It’s alright to feel this way.

Listen to me.

It’s alright to feel like crying for no reason.
It’s alright to get all pissed off at something that might seem stupid to others.
It’s alright to feel in need of compassion when you’re feeling down.

After all, you are a human. You have feelings. Your emotions do take roller coasters. It’s completely human.

It’s alright to feel confused when it comes to choosing your future.
It’s alright to feel in need for advice.
It’s alright to have problems that you can’t seem to solve.

After all, you are human. You have full rights to ask for help. Life is there to put obstacles, but you can definitely ask for counceling. It’s completely human.

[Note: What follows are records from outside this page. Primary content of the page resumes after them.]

section \<open>Jacobsthal's congruence\<close>

text \<open>X / Y is a p-adic unit congruent to 1 modulo p^e, phrased without division.\<close>
definition padic_ratio_cong :: "int \<Rightarrow> nat \<Rightarrow> int \<Rightarrow> int \<Rightarrow> bool" where
  "padic_ratio_cong p e X Y \<longleftrightarrow> (\<exists>U V. coprime U p \<and> X * U = Y * V \<and> [V = U] (mod p ^ e))"

lemma padic_ratio_cong_mult:
  assumes "padic_ratio_cong p e X Y" "padic_ratio_cong p e X' Y'"
  shows "padic_ratio_cong p e (X * X') (Y * Y')"
proof -
  obtain U V U' V' where
    "coprime U p" "X * U = Y * V" "[V = U] (mod p ^ e)"
    "coprime U' p" "X' * U' = Y' * V'" "[V' = U'] (mod p ^ e)"
    using assms unfolding padic_ratio_cong_def by blast
  then have "coprime (U * U') p" "X * X' * (U * U') = Y * Y' * (V * V')"
      "[V * V' = U * U'] (mod p ^ e)"
    by (auto simp: cong_mult) (metis mult.assoc mult.left_commute)
  then show ?thesis unfolding padic_ratio_cong_def by blast
qed

lemma padic_ratio_cong_dvd:
  assumes "padic_ratio_cong p e X Y" "p ^ d dvd Y"
  shows "p ^ d dvd X"
proof -
  obtain U V where U: "coprime U p" "X * U = Y * V"
    using assms(1) unfolding padic_ratio_cong_def by blast
  then have "p ^ d dvd X * U" using assms(2) by simp
  then show ?thesis using U(1) by (simp add: coprime_dvd_mult_left_iff coprime_commute)
qed

lemma padic_ratio_cong_imp_cong:
  assumes "padic_ratio_cong p e X Y" "p ^ d dvd Y"
  shows "[X = Y] (mod p ^ (d + e))"
proof -
  obtain U V where U: "coprime U p" "X * U = Y * V" "[V = U] (mod p ^ e)"
    using assms(1) unfolding padic_ratio_cong_def by blast
  have "p ^ d * p ^ e dvd Y * (V - U)"
    using assms(2) U(3) by (intro mult_dvd_mono) (auto simp: cong_iff_dvd_diff cong_sym_eq)
  then have "[U * X = U * Y] (mod p ^ (d + e))"
    using U(2) by (simp add: cong_iff_dvd_diff power_add algebra_simps)
  then show ?thesis using U(1) cong_mult_lcancel by (metis coprime_power_right_iff)
qed

lemma binomial_mult_fact_eq_prod:
  "int (n + k choose k) * fact k = (\<Prod>j\<in>{1..k}. int n + int j)"
proof (induction k)
  case (Suc k)
  have "Suc k * (n + Suc k choose Suc k) = (n + Suc k) * (n + k choose k)"
    using Suc_times_binomial[of k "n + k"] by simp
  then have "int (Suc k * (n + Suc k choose Suc k)) * fact k
      = (int n + int (Suc k)) * (int (n + k choose k) * fact k)"
    by (simp only: of_nat_mult of_nat_add mult.assoc)
  then have "int (n + Suc k choose Suc k) * fact (Suc k)
      = (int n + int (Suc k)) * (int (n + k choose k) * fact k)"
    by (simp only: fact_Suc of_nat_mult ac_simps)
  also have "\<dots> = (\<Prod>j\<in>{1..Suc k}. int n + int j)"
    using Suc by (simp add: prod.nat_ivl_Suc' mult.commute)
  finally show ?case .
qed simp

lemma prod_split_multiples:
  fixes p b :: nat and g :: "nat \<Rightarrow> 'a :: comm_monoid_mult"
  assumes "p > 0"
  shows "(\<Prod>j\<in>{1..b * p}. g j) = (\<Prod>j\<in>{j\<in>{1..b * p}. \<not> p dvd j}. g j) * (\<Prod>i\<in>{1..b}. g (i * p))"
proof -
  let ?M = "(\<lambda>i. i * p) ` {1..b}"
  have "x \<in> ?M" if "x \<in> {1..b * p}" "p dvd x" for x
  proof -
    obtain i where "x = i * p" using \<open>p dvd x\<close> by (metis dvdE mult.commute)
    then show ?thesis using that assms by auto
  qed
  then have "{1..b * p} = {j\<in>{1..b * p}. \<not> p dvd j} \<union> ?M"
    using assms by auto
  moreover have "{j\<in>{1..b * p}. \<not> p dvd j} \<inter> ?M = {}" by auto
  ultimately have "(\<Prod>j\<in>{1..b * p}. g j) = (\<Prod>j\<in>{j\<in>{1..b * p}. \<not> p dvd j}. g j) * (\<Prod>j\<in>?M. g j)"
    by (metis (no_types, lifting) finite_Un finite_atLeastAtMost prod.union_disjoint)
  also have "(\<Prod>j\<in>?M. g j) = (\<Prod>i\<in>{1..b}. g (i * p))"
    using assms by (simp add: prod.reindex inj_on_def)
  finally show ?thesis .
qed

lemma prod_not_dvd_pairs:
  fixes p B :: nat and g :: "nat \<Rightarrow> 'a :: comm_monoid_mult"
  assumes "odd p" "p dvd B"
  defines "J \<equiv> {j\<in>{1..B}. \<not> p dvd j}"
  shows "(\<Prod>j\<in>J. g j) = (\<Prod>j\<in>{j\<in>J. 2 * j < B}. g j * g (B - j))"
proof -
  define K where "K = {j\<in>J. 2 * j < B}"
  have reflect: "B - j \<in> J" if "j \<in> J" for j
  proof -
    have "j \<noteq> B" using that assms(2) unfolding J_def by auto
    moreover have "\<not> p dvd B - j"
      using that assms(2) dvd_diff_nat[of p B "B - j"] unfolding J_def by auto
    ultimately show ?thesis using that unfolding J_def by auto
  qed
  have no_half: "2 * j \<noteq> B" if "j \<in> J" for j
  proof
    assume "2 * j = B"
    then have "p dvd 2 * j" using assms(2) by simp
    then show False using that assms(1) unfolding J_def by (simp add: coprime_dvd_mult_right_iff)
  qed
  have "J = K \<union> (\<lambda>j. B - j) ` K"
  proof
    show "J \<subseteq> K \<union> (\<lambda>j. B - j) ` K"
    proof
      fix j assume j: "j \<in> J"
      show "j \<in> K \<union> (\<lambda>j. B - j) ` K"
      proof (cases "2 * j < B")
        case False
        then have "B - j \<in> K" "j = B - (B - j)"
          using j reflect[OF j] no_half[OF j] unfolding K_def J_def by auto
        then show ?thesis by blast
      qed (use j in \<open>simp add: K_def\<close>)
    qed
    show "K \<union> (\<lambda>j. B - j) ` K \<subseteq> J" using reflect unfolding K_def by auto
  qed
  moreover have "K \<inter> (\<lambda>j. B - j) ` K = {}" "inj_on (\<lambda>j. B - j) K" "finite K"
    unfolding K_def J_def by (auto simp: inj_on_def)
  ultimately have "(\<Prod>j\<in>J. g j) = (\<Prod>j\<in>K. g j) * (\<Prod>j\<in>K. g (B - j))"
    by (simp add: prod.union_disjoint prod.reindex)
  then show ?thesis unfolding K_def by (simp add: prod.distrib)
qed

text \<open>Pairing j with B - j turns each factor into j (B - j) + c (c + B).\<close>
lemma prod_not_dvd_shift_cong:
  fixes p B :: nat and c q :: int
  assumes "odd p" "p dvd B" "q dvd c * (c + int B)"
  shows "[(\<Prod>j\<in>{j\<in>{1..B}. \<not> p dvd j}. c + int j) = (\<Prod>j\<in>{j\<in>{1..B}. \<not> p dvd j}. int j)] (mod q)"
  unfolding prod_not_dvd_pairs[OF assms(1,2)]
proof (rule cong_prod)
  fix j assume "j \<in> {j\<in>{j\<in>{1..B}. \<not> p dvd j}. 2 * j < B}"
  then have "(c + int j) * (c + int (B - j)) = int j * int (B - j) + c * (c + int B)"
    by (simp add: of_nat_diff algebra_simps)
  then show "[(c + int j) * (c + int (B - j)) = int j * int (B - j)] (mod q)"
    using assms(3) by (simp add: cong_iff_dvd_diff)
qed

lemma binomial_mult_prod_eq:
  fixes p a b :: nat
  assumes "p > 0" "b \<le> a"
  defines "J \<equiv> {j\<in>{1..b * p}. \<not> p dvd j}"
  shows "int (a * p choose b * p) * (\<Prod>j\<in>J. int j)
    = int (a choose b) * (\<Prod>j\<in>J. int ((a - b) * p) + int j)"
proof -
  define c where "c = int ((a - b) * p)"
  have "int (a * p choose b * p) * ((\<Prod>j\<in>J. int j) * (int p ^ b * fact b))
      = int (a * p choose b * p) * fact (b * p)"
    using prod_split_multiples[OF assms(1), where b = b and g = int] unfolding J_def
    by (simp add: fact_prod prod.distrib mult.commute)
  also have "\<dots> = (\<Prod>j\<in>{1..b * p}. c + int j)"
    using binomial_mult_fact_eq_prod[of "(a - b) * p" "b * p"] assms(2) unfolding c_def
    by (simp add: add_mult_distrib[symmetric])
  also have "\<dots> = (\<Prod>j\<in>J. c + int j) * (\<Prod>i\<in>{1..b}. c + int (i * p))"
    using prod_split_multiples[OF assms(1), where b = b and g = "\<lambda>j. c + int j"]
    unfolding J_def by simp
  also have "(\<Prod>i\<in>{1..b}. c + int (i * p)) = (\<Prod>i\<in>{1..b}. int p * (int (a - b) + int i))"
    unfolding c_def of_nat_mult by (simp add: algebra_simps)
  also have "\<dots> = int p ^ b * (int (a choose b) * fact b)"
    using binomial_mult_fact_eq_prod[of "a - b" b] assms(2) by (simp add: prod.distrib)
  finally have "(int (a * p choose b * p) * (\<Prod>j\<in>J. int j)) * (int p ^ b * fact b)
      = (int (a choose b) * (\<Prod>j\<in>J. c + int j)) * (int p ^ b * fact b)"
    by (simp only: ac_simps)
  then show ?thesis unfolding c_def using assms(1) by simp
qed

lemma binomial_mult_padic_ratio_cong:
  fixes p s a b :: nat
  assumes "prime p" "odd p" "p ^ s dvd a" "p ^ s dvd b"
  shows "padic_ratio_cong (int p) (2 * s + 2) (int (a * p choose b * p)) (int (a choose b))"
proof (cases "b \<le> a")
  case False
  moreover have "a * p < b * p" using False prime_gt_0_nat[OF assms(1)] by simp
  ultimately have "int (a * p choose b * p) * 1 = int (a choose b) * 1" by (simp add: binomial_eq_0)
  then show ?thesis unfolding padic_ratio_cong_def by (metis coprime_1_left cong_refl)
next
  case True
  define J where "J = {j\<in>{1..b * p}. \<not> p dvd j}"
  define c where "c = int ((a - b) * p)"
  have "int (a * p choose b * p) * (\<Prod>j\<in>J. int j) = int (a choose b) * (\<Prod>j\<in>J. c + int j)"
    unfolding J_def c_def using binomial_mult_prod_eq[OF prime_gt_0_nat[OF assms(1)] True] .
  moreover have "coprime (\<Prod>j\<in>J. int j) (int p)"
    unfolding J_def using prime_imp_coprime_nat[OF assms(1)]
    by (intro prod_coprime_left) (auto simp: coprime_commute)
  moreover have "[(\<Prod>j\<in>J. c + int j) = (\<Prod>j\<in>J. int j)] (mod int p ^ (2 * s + 2))"
    unfolding J_def
  proof (rule prod_not_dvd_shift_cong[OF assms(2)])
    have "c + int (b * p) = int (a * p)"
      unfolding c_def using True by (simp add: diff_mult_distrib of_nat_diff)
    moreover have "int p ^ (s + 1) dvd int ((a - b) * p)" "int p ^ (s + 1) dvd int (a * p)"
      using assms(3,4) by (simp_all add: dvd_diff_nat mult_dvd_mono flip: of_nat_power)
    ultimately have "int p ^ (s + 1) * int p ^ (s + 1) dvd c * (c + int (b * p))"
      unfolding c_def by (simp add: mult_dvd_mono)
    moreover have "int p ^ (s + 1) * int p ^ (s + 1) = int p ^ (2 * s + 2)"
      by (simp only: power_add[symmetric]) (simp add: mult_2)
    ultimately show "int p ^ (2 * s + 2) dvd c * (c + int (b * p))" by metis
  qed simp
  ultimately show ?thesis unfolding padic_ratio_cong_def by blast
qed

It’s alright if you face your insecurities at some point.
It’s alright if you feel the need to have a perfect nose, body, or hair.
It’s alright if you have moments when you feel confident, but then have others when you feel like crap.

After all, you are human. It’s normal to feel that you must have what you don’t have. So it’s normal for you to want to change yourself, as well as hate yourself at a certain moment. It’s completely human.

Listen to me. It’s alright. You are a freaking human being. You were born with feelings. Things can go from good to bad to worst in a glimpse of a second. It’s natural to feel uncomfortable, or unhappy, or even excited at some points in life. You know why? Because you were gifted with feelings. If you are feeling unhappy today, and feel the need to cry, because it seems like it’s your only option to let the sadness out, then cry. It’s alright. If you are put under extreme pressure, which makes you even more confused than you already are, seek help. It’s alright. Help is never wrong.

Just know, it’s okay not to be okay. And know that time heals.

It’s just an unhappy day, and it will pass. There will come better days, I promise.